- Problem description:
Where a line holds the word "also", copy that line from the data below.
________________________
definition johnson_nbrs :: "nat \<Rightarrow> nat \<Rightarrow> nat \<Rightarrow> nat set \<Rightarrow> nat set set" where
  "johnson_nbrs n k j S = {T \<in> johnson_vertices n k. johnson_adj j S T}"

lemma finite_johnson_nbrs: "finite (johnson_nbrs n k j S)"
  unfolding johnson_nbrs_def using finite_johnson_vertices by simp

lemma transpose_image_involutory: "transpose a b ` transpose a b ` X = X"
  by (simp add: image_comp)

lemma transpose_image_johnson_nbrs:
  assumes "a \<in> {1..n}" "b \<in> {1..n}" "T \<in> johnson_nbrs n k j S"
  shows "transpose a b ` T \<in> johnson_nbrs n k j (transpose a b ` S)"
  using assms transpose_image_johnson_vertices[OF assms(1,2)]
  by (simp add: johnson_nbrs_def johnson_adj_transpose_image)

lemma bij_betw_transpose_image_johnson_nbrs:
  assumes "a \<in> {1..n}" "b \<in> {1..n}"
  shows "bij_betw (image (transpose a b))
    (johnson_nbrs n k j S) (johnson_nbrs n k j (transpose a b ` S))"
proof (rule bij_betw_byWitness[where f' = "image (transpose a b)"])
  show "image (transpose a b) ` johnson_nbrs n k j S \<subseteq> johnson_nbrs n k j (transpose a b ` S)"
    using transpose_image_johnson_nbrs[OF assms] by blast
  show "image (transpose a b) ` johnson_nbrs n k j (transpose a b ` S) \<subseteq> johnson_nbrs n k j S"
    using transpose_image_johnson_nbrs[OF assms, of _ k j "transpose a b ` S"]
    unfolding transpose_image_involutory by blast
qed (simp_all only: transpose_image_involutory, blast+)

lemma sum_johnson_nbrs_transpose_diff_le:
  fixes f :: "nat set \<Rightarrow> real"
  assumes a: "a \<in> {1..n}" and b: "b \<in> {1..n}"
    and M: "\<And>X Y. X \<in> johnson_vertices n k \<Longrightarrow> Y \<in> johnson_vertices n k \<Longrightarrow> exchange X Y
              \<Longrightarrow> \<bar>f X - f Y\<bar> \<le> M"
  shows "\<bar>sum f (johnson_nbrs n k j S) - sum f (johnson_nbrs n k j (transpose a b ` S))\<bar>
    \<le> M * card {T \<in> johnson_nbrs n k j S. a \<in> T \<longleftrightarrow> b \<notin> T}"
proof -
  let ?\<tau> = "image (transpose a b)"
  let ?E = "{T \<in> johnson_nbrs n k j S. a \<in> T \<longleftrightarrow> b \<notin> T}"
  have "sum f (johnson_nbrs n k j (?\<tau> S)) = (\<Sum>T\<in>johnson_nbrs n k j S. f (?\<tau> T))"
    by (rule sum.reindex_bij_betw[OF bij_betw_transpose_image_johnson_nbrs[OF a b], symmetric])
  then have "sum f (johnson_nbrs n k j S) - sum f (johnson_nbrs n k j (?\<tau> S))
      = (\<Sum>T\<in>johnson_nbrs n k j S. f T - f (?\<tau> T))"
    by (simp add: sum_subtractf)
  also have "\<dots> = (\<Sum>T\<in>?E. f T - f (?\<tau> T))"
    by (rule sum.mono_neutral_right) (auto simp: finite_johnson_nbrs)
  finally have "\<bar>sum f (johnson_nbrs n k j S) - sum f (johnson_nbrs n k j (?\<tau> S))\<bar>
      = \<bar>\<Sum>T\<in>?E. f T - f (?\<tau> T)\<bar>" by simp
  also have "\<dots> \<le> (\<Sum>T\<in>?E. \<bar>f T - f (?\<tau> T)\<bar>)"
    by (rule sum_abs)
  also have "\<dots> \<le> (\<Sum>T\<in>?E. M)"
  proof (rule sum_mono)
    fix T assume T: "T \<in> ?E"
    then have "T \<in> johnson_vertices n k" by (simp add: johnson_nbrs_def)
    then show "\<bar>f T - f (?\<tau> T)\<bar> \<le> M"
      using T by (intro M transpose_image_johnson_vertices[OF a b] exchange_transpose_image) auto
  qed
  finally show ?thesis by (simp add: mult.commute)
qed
________________________
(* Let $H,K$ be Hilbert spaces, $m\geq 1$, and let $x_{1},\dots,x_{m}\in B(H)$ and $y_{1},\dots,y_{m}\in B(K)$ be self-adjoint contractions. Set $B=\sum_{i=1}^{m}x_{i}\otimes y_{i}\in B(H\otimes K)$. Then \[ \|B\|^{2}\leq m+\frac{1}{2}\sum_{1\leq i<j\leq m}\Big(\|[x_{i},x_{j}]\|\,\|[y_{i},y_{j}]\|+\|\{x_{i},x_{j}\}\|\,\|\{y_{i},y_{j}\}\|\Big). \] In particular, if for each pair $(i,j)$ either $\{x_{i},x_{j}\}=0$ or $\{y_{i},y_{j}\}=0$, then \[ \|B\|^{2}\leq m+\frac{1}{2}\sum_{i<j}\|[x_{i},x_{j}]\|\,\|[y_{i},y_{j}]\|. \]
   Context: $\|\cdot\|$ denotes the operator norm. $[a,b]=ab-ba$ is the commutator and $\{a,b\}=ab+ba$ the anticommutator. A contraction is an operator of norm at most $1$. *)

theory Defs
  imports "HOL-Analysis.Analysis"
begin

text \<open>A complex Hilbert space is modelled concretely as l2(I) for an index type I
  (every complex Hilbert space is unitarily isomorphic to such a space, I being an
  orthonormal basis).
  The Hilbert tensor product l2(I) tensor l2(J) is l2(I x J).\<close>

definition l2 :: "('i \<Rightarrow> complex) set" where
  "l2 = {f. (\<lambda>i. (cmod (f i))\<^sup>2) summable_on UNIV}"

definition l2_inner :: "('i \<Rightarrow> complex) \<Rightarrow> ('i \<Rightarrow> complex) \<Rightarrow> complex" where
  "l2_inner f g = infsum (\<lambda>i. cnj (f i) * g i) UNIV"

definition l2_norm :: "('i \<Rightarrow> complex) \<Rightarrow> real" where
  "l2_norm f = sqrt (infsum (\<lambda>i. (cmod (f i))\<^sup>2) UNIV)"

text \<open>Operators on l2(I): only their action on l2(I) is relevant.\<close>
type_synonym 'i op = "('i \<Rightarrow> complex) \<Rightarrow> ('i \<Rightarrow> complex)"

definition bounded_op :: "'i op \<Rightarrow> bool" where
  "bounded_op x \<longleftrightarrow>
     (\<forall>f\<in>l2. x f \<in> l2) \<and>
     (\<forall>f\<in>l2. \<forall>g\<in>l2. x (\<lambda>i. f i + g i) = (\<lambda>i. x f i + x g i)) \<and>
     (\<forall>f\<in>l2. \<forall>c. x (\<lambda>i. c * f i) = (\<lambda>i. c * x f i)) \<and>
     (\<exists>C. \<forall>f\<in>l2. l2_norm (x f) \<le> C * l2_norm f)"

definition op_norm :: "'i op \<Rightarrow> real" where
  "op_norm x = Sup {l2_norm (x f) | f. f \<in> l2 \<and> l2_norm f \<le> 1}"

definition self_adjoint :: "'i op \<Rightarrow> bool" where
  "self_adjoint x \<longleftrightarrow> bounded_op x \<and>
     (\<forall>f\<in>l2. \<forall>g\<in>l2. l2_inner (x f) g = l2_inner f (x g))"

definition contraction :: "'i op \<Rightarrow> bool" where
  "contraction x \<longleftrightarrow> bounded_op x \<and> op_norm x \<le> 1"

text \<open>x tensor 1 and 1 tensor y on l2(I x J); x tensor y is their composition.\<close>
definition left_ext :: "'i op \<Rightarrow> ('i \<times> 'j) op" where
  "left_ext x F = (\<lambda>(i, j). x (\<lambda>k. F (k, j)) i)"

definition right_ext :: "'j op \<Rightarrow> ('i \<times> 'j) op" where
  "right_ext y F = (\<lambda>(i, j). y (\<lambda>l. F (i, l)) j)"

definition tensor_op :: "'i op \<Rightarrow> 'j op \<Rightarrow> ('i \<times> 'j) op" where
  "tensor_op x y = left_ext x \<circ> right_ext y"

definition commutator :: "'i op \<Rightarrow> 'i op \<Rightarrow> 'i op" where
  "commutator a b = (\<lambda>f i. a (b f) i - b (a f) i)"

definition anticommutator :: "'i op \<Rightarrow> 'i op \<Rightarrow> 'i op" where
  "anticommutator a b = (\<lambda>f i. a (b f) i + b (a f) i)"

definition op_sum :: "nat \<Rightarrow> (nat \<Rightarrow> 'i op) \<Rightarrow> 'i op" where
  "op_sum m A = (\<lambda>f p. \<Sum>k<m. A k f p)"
________________________
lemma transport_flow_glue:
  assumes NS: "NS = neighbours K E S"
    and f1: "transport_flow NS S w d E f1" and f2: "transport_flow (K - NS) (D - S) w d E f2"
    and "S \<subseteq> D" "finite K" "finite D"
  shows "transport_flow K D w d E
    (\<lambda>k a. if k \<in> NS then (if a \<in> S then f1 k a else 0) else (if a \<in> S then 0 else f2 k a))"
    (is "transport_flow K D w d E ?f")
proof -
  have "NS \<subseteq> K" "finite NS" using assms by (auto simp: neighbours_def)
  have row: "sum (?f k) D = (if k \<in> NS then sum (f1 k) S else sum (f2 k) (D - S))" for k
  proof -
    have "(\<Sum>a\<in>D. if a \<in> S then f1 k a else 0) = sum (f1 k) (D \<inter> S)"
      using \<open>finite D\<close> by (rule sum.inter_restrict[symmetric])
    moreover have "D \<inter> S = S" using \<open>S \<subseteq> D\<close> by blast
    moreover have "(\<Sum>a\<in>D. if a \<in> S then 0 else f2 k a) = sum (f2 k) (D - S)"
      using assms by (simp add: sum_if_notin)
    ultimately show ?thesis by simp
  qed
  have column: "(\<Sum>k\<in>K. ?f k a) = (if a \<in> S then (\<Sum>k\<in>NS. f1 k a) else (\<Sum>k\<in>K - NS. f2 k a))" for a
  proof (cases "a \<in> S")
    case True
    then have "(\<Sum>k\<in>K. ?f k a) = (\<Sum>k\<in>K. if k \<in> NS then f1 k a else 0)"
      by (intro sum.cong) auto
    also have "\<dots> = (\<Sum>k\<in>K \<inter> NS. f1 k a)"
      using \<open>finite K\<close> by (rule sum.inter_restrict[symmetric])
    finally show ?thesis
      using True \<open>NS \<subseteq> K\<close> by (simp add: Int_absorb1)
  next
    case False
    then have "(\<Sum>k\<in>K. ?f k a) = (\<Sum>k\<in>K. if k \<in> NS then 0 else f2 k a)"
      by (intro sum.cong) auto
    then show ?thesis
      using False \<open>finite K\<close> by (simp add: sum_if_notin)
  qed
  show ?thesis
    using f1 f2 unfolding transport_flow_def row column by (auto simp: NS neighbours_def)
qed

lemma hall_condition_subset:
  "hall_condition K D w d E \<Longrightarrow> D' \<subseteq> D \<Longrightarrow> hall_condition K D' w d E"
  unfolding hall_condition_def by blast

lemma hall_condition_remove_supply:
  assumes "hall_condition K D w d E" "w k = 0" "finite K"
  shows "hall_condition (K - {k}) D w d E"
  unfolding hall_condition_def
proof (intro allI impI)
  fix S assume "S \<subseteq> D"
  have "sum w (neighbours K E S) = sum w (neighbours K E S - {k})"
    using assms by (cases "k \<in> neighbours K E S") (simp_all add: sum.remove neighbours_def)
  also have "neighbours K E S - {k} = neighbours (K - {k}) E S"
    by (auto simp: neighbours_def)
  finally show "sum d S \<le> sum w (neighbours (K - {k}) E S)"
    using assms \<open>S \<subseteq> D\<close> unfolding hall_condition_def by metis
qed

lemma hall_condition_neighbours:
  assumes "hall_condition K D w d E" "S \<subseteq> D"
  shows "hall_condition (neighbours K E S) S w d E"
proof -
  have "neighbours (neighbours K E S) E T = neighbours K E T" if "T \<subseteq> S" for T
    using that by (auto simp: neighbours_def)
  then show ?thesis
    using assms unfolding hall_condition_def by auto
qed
________________________
- Final answer:
  also have "\<dots> = (\<Sum>T\<in>?E. f T - f (?\<tau> T))"
  also have "\<dots> \<le> (\<Sum>T\<in>?E. \<bar>f T - f (?\<tau> T)\<bar>)"
  also have "\<dots> \<le> (\<Sum>T\<in>?E. M)"
    also have "\<dots> = (\<Sum>k\<in>K \<inter> NS. f1 k a)"
  also have "neighbours K E S - {k} = neighbours (K - {k}) E S"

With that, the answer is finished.